When interpreting CatBoost regression metrics, it’s essential to consider the context of the problem and the type of data being used. Here are some general guidelines:

  • Lower is better: For metrics like MSE, MAE, and RMSE, a lower value indicates better model performance.
  • Higher is better: For metrics like R-Squared, a higher value indicates better model performance.
  • Context matters: The choice of metric and the interpretation of results depend on the specific problem and data.

Lets take an example to point out an instance of catboost regression metrics on Iris Dataset.

Implement Catboost Algorithm

Python

import math import pandas as pd from sklearn.datasets import load_iris from sklearn.model_selection import train_test_split from catboost import CatBoostRegressor from sklearn.metrics import mean_squared_error, r2_score, explained_variance_score iris = load_iris() X = iris.data y = iris.target # Split data into train and test sets X_train, X_test, y_train, y_test = train_test_split(X, y, test_size=0.2, random_state=42) model = CatBoostRegressor(iterations=100, learning_rate=0.1, loss_function='RMSE') model.fit(X_train, y_train) y_pred = model.predict(X_test)

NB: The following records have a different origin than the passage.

(* For $\beta,k,m\in\mathbb{N}$ and $\operatorname{Re}(s)>1$, $$\sum_{n=1}^\infty\frac{\Lambda^{(\beta)}_{k,m}(n)}{n^s}=(-1)^k\sigma^{(\beta)}_{1-s/\beta}(m)\frac{\zeta^{(k)}(s)}{\zeta(s)},$$ the series converging absolutely, where $\zeta^{(k)}$ is the $k$-th derivative of the Riemann zeta-function.
   Context: For $\beta,q,m\in\mathbb{N}$, $c_q^{(\beta)}(m)=\sum e^{2\pi i mh/q^\beta}$, the sum over integers $0\le h<q^\beta$ such that $h$ and $q^\beta$ have no common divisor of the form $d^\beta$ with $d>1$. For $z\in\mathbb{C}$, $\sigma_z^{(\beta)}(m)=\sum_{d\in\mathbb{N},\ d^\beta\mid m}d^{\beta z}$. The generalized von Mangoldt function is $\Lambda^{(\beta)}_{k,m}(n)=\sum_{d\delta=n}c_d^{(\beta)}(m)\log^k\delta$ (so $\Lambda^{(1)}_{1,1}=\Lambda$). *)

theory Defs
  imports "HOL-Analysis.Analysis"
begin

text \<open>The series converges
  (absolutely) for Re s > 1, which is an open set; hence the higher derivatives
  of this function at points with Re s > 1 are those of the Riemann zeta function.\<close>
definition riemann_zeta :: "complex \<Rightarrow> complex" where
  "riemann_zeta s = (\<Sum>n. 1 / (of_nat (Suc n)) powr s)"

definition gen_ramanujan :: "nat \<Rightarrow> nat \<Rightarrow> nat \<Rightarrow> complex" where
  "gen_ramanujan \<beta> q m =
     (\<Sum>h \<in> {h. h < q ^ \<beta> \<and> \<not> (\<exists>d>1. d ^ \<beta> dvd h \<and> d ^ \<beta> dvd q ^ \<beta>)}.
        exp (2 * of_real pi * \<i> * of_nat m * of_nat h / of_nat (q ^ \<beta>)))"

definition gen_sigma :: "nat \<Rightarrow> complex \<Rightarrow> nat \<Rightarrow> complex" where
  "gen_sigma \<beta> z m = (\<Sum>d \<in> {d. 0 < d \<and> d ^ \<beta> dvd m}. (of_nat d) powr (of_nat \<beta> * z))"

definition gen_mangoldt :: "nat \<Rightarrow> nat \<Rightarrow> nat \<Rightarrow> nat \<Rightarrow> complex" where
  "gen_mangoldt \<beta> k m n =
     (\<Sum>d \<in> {d. d dvd n}. gen_ramanujan \<beta> d m * of_real (ln (real (n div d))) ^ k)"

end

theory Submission
  imports Defs "HOL-Computational_Algebra.Primes"
begin

text \<open>Sort the residues modulo \<open>n^\<beta>\<close> by their largest \<open>\<beta>\<close>-th power divisor \<open>g^\<beta>\<close> with \<open>g\<close>
  dividing \<open>n\<close>: those with a given \<open>g\<close> are \<open>g^\<beta>\<close> times the residues summed over in \<open>c_(n/g)(m)\<close>.
  Hence the divisor sum of \<open>c_d(m)\<close> over \<open>d | n\<close> is a complete sum of \<open>n^\<beta>\<close>-th roots of unity, equal
  to \<open>F(n) = n^\<beta>\<close> if \<open>n^\<beta>\<close> divides \<open>m\<close> and \<open>0\<close> otherwise. Moebius inversion gives \<open>c(m) = \<mu> * F\<close>,
  and since \<open>F\<close> has finite support, the Dirichlet series of \<open>c(m)\<close> converges absolutely to
  \<open>\<sigma>_(1-s/\<beta>)(m) / \<zeta>(s)\<close>. Convolving with the absolutely convergent series
  \<open>\<Sum> log^k n / n^s = (-1)^k \<zeta>^(k)(s)\<close> gives the series of \<open>\<Lambda>_(k,m) = c(m) * log^k\<close>.\<close>


section \<open>Derivatives of the zeta function\<close>

lemma ln_le_powr_div:
  fixes x e :: real
  assumes "x > 0" "e > 0"
  shows "ln x \<le> x powr e / e"
proof -
  have "ln (x powr e) \<le> x powr e - 1" using assms by (intro ln_le_minus_one) auto
  hence "e * ln x \<le> x powr e" using assms by (simp add: ln_powr)
  thus ?thesis using assms by (simp add: field_simps)
qed

lemma summable_ln_power_powr:
  fixes \<sigma> :: real
  assumes "\<sigma> > 1"
  shows "summable (\<lambda>n. ln (real n) ^ j * real n powr (-\<sigma>))"
proof -
  text \<open>Absorb the logarithms into half of the spare exponent \<open>\<sigma> - 1\<close>.\<close>
  define e where "e = (\<sigma> - 1) / (2 * (real j + 1))"
  have e: "e > 0" using assms by (simp add: e_def)
  have "real j * e \<le> (real j + 1) * e" using e by simp
  also have "\<dots> = (\<sigma> - 1) / 2" using e_def by (simp add: field_simps)
  finally have exponent: "real j * e - \<sigma> < -1" using assms by simp
  have bound: "norm (ln (real n) ^ j * real n powr (-\<sigma>)) \<le> real n powr (real j * e - \<sigma>) / e ^ j"
    for n
  proof (cases "n = 0")
    case False
    hence n: "real n \<ge> 1" by simp
    have "ln (real n) ^ j \<le> (real n powr e / e) ^ j"
      using ln_le_powr_div[of "real n" e] e n by (intro power_mono) auto
    also have "\<dots> = real n powr (real j * e) / e ^ j"
      using n by (simp add: power_divide powr_realpow[symmetric] powr_powr mult.commute)
    finally have "ln (real n) ^ j * real n powr (-\<sigma>) \<le> real n powr (real j * e) / e ^ j * real n powr (-\<sigma>)"
      by (intro mult_right_mono) auto
    also have "\<dots> = real n powr (real j * e - \<sigma>) / e ^ j"
      by (simp add: powr_add[symmetric])
    finally show ?thesis using n by simp
  qed simp
  have "summable (\<lambda>n. real n powr (real j * e - \<sigma>) / e ^ j)"
    using exponent by (intro summable_divide) (simp add: summable_real_powr_iff)
  thus ?thesis by (rule summable_comparison_test'[OF _ bound])
qed

definition zeta_deriv_term :: "nat \<Rightarrow> nat \<Rightarrow> complex \<Rightarrow> complex" where
  "zeta_deriv_term j n s = (- of_real (ln (real (Suc n)))) ^ j / of_nat (Suc n) powr s"

lemma zeta_deriv_term_exp:
  "zeta_deriv_term j n =
     (\<lambda>s. (- of_real (ln (real (Suc n)))) ^ j * exp (- (s * of_real (ln (real (Suc n))))))"
proof
  fix s
  have "Ln (of_nat (Suc n)) = of_real (ln (real (Suc n)))"
    by (metis Ln_of_real of_nat_0_less_iff of_real_of_nat_eq zero_less_Suc)
  moreover have "(of_nat (Suc n) :: complex) \<noteq> 0" by (metis of_nat_eq_0_iff Zero_not_Suc)
  ultimately show "zeta_deriv_term j n s =
          (- of_real (ln (real (Suc n)))) ^ j * exp (- (s * of_real (ln (real (Suc n)))))"
    unfolding zeta_deriv_term_def powr_def by (simp add: exp_minus field_simps)
qed

lemma has_field_derivative_zeta_deriv_term:
  "(zeta_deriv_term j n has_field_derivative zeta_deriv_term (Suc j) n s) (at s)"
  unfolding zeta_deriv_term_exp by (auto intro!: derivative_eq_intros simp: algebra_simps)

lemma norm_zeta_deriv_term:
  "norm (zeta_deriv_term j n s) = ln (real (Suc n)) ^ j * real (Suc n) powr (- Re s)"
proof -
  have "norm (of_nat (Suc n) powr s :: complex) = real (Suc n) powr Re s"
    by (subst norm_powr_real_powr) auto
  thus ?thesis
    unfolding zeta_deriv_term_def by (simp add: norm_divide norm_power powr_minus_divide)
qed

lemma summable_ln_power_powr_Suc:
  "a > 1 \<Longrightarrow> summable (\<lambda>n. ln (real (Suc n)) ^ j * real (Suc n) powr (- a))"
  using summable_ln_power_powr[of a j] by (subst summable_Suc_iff)

lemma summable_norm_zeta_deriv_term:
  "Re s > 1 \<Longrightarrow> summable (\<lambda>n. norm (zeta_deriv_term j n s))"
  unfolding norm_zeta_deriv_term by (rule summable_ln_power_powr_Suc)

lemma has_field_derivative_zeta_deriv_series:
  assumes "Re s > 1"
  shows "((\<lambda>z. \<Sum>n. zeta_deriv_term j n z) has_field_derivative (\<Sum>n. zeta_deriv_term (Suc j) n s)) (at s)"
proof -
  define a where "a = (1 + Re s) / 2"
  have a: "a > 1" "Re s > a" using assms by (auto simp: a_def)
  define S where "S = {z. Re z > a}"
  have S: "convex S" "open S" "s \<in> S"
    using a by (auto simp: S_def convex_halfspace_Re_gt open_halfspace_Re_gt)
  have bound: "norm (zeta_deriv_term (Suc j) n z) \<le> ln (real (Suc n)) ^ Suc j * real (Suc n) powr (- a)"
    if "z \<in> S" for n z
    using that unfolding norm_zeta_deriv_term S_def by (intro mult_left_mono powr_mono) auto
  have uniform: "uniformly_convergent_on S (\<lambda>n z. \<Sum>i<n. zeta_deriv_term (Suc j) i z)"
    by (rule Weierstrass_m_test'_ev[OF _ summable_ln_power_powr_Suc[OF a(1), of "Suc j"]])
       (intro always_eventually allI ballI bound)
  show ?thesis
    by (rule has_field_derivative_series'(2)[OF S(1) _ uniform S(3)])
       (use S assms in \<open>auto intro: has_field_derivative_at_within has_field_derivative_zeta_deriv_term
          summable_norm_cancel summable_norm_zeta_deriv_term simp: interior_open\<close>)
qed

lemma higher_deriv_riemann_zeta:
  "Re s > 1 \<Longrightarrow> (deriv ^^ k) riemann_zeta s = (\<Sum>n. zeta_deriv_term k n s)"
proof (induction k arbitrary: s)
  case 0
  thus ?case by (simp add: riemann_zeta_def zeta_deriv_term_def)
next
  case (Suc k)
  have "((deriv ^^ k) riemann_zeta has_field_derivative (\<Sum>n. zeta_deriv_term (Suc k) n s)) (at s)"
    by (rule has_field_derivative_transform_within_open
          [OF has_field_derivative_zeta_deriv_series[OF Suc.prems] open_halfspace_Re_gt[of 1]])
       (use Suc in auto)
  thus ?case by (simp add: DERIV_imp_deriv)
qed

section \<open>Dirichlet convolution of absolutely summable series\<close>

lemma has_sum_Suc_iff:
  fixes f :: "nat \<Rightarrow> 'a :: {comm_monoid_add, topological_space}"
  shows "((\<lambda>n. f (Suc n)) has_sum S) UNIV \<longleftrightarrow> (f has_sum S) {0<..}"
  by (rule has_sum_reindex_bij_witness[where i = "\<lambda>n. n - 1" and j = Suc]) auto

lemma has_sum_greaterThan_0_suminf:
  fixes f :: "nat \<Rightarrow> complex"
  assumes "summable (\<lambda>n. norm (f (Suc n)))"
  shows "(f has_sum (\<Sum>n. f (Suc n))) {0<..}"
  unfolding has_sum_Suc_iff[symmetric]
  by (rule norm_summable_imp_has_sum[OF assms summable_sums[OF summable_norm_cancel[OF assms]]])

lemma has_sum_greaterThan_0_imp_sums:
  fixes f :: "nat \<Rightarrow> complex"
  assumes "(f has_sum S) {0<..}"
  shows "summable (\<lambda>n. norm (f (Suc n)))" "(\<lambda>n. f (Suc n)) sums S"
proof -
  have shifted: "((\<lambda>n. f (Suc n)) has_sum S) UNIV" using assms by (simp add: has_sum_Suc_iff)
  hence "(\<lambda>n. norm (f (Suc n))) summable_on UNIV"
    by (intro summable_on_iff_abs_summable_on_complex[THEN iffD1] has_sum_imp_summable)
  thus "summable (\<lambda>n. norm (f (Suc n)))" by (simp add: summable_on_UNIV_nonneg_real_iff)
  show "(\<lambda>n. f (Suc n)) sums S" using shifted by (rule has_sum_imp_sums)
qed

lemma has_sum_dirichlet_convolution:
  fixes a b :: "nat \<Rightarrow> complex"
  assumes a: "(a has_sum A) {0<..}" and b: "(b has_sum B) {0<..}"
  shows "((\<lambda>n. \<Sum>d | d dvd n. a d * b (n div d)) has_sum (A * B)) {0<..}"
proof -
  define P :: "nat set" where "P = {0<..}"
  have norm_a: "(\<lambda>x. norm (a x)) summable_on P" and norm_b: "(\<lambda>x. norm (b x)) summable_on P"
    using a b unfolding P_def
    by (metis has_sum_imp_summable summable_on_iff_abs_summable_on_complex)+
  have "(\<lambda>z. norm ((\<lambda>(x,y). a x * b y) z)) summable_on P \<times> P"
  proof (rule Infinite_Sum.abs_summable_on_Sigma_iff[where f = "\<lambda>(x,y). a x * b y", THEN iffD2], intro conjI ballI)
    fix x
    show "(\<lambda>y. norm (case (x, y) of (x, y) \<Rightarrow> a x * b y)) summable_on P"
      using summable_on_cmult_right[OF norm_b, of "norm (a x)"] by (simp add: norm_mult)
  next
    have "(\<lambda>x. norm (a x) * infsum (\<lambda>y. norm (b y)) P) summable_on P"
      using summable_on_cmult_left[OF norm_a] by simp
    thus "(\<lambda>x. norm (infsum (\<lambda>y. norm (case (x, y) of (x, y) \<Rightarrow> a x * b y)) P)) summable_on P"
      by (simp add: norm_mult infsum_cmult_right' infsum_nonneg)
  qed
  hence "(\<lambda>(x,y). a x * b y) summable_on P \<times> P"
    using summable_on_iff_abs_summable_on_complex by blast
  hence product: "((\<lambda>(x,y). a x * b y) has_sum (A * B)) (P \<times> P)"
    by (rule has_sum_SigmaI[rotated 2])
       (use has_sum_cmult_right[OF b] has_sum_cmult_left[OF a] in \<open>auto simp: P_def\<close>)
  have "((\<lambda>(n,d). a d * b (n div d)) has_sum (A * B)) (SIGMA n:P. {d. d dvd n})"
    by (rule has_sum_reindex_bij_witness[where j = "\<lambda>(n,d). (d, n div d)" and i = "\<lambda>(x,y). (x*y, x)"
          and T = "P \<times> P" and h = "\<lambda>(x,y). a x * b y", THEN iffD2, OF _ _ _ _ _ refl product])
       (auto simp: P_def elim: dvdE)
  thus ?thesis unfolding P_def[symmetric]
    by (rule has_sum_SigmaD) (auto simp: P_def finite_divisors_nat)
qed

Calculate Catboost Regression Metrics

Python

# Calculate regression metrics mse = mean_squared_error(y_test, y_pred) r2 = r2_score(y_test, y_pred) explained_variance = explained_variance_score(y_test, y_pred) rmse = math.sqrt(mse) print(f"Mean Squared Error (MSE): {mse:.4f}") print(f"Root Mean Squared Error (RMSE): {rmse:.4f}") print(f"R-squared (R^2): {r2:.4f}") print(f"Explained Variance Score: {explained_variance:.4f}")

Output:

Mean Squared Error (MSE): 0.0067 Root Mean Squared Error (RMSE): 0.0817 R-squared (R^2): 0.9904 Explained Variance Score: 0.9906

Choosing the Right Catboost Regression Metric

  • Prioritize interpretability: If you need to easily explain your model’s performance to stakeholders, MAE or RMSE are often preferable. They directly relate to the units of your target variable. RMSE is suitable when large errors are particularly undesirable.
  • Outliers are a concern: If your dataset has outliers that you don’t want to overly influence your model evaluation, MAE is a good choice. It treats all errors equally.
  • Sensitivity to large errors is important: If it’s critical to capture and penalize large prediction errors, MSE or RMSE are more suitable.
  • Model fit assessment: R² or EVS provide a good overview of how well your model captures the overall variance in the target variable. R^2 is useful for understanding the proportion of variance explained by the model but should be used alongside other metrics.

Conclusion

In conclusion, Catboost is an effective algorithm for regression analysis, and it is possible to control such measurements as accuracy, overspending, area under the ROC curve, cross entropy, and others in the process of teaching the algorithm. If such metrics are applied and used by data scientists are guaranteed of having reliable regression models which can help to offer sound forecasts.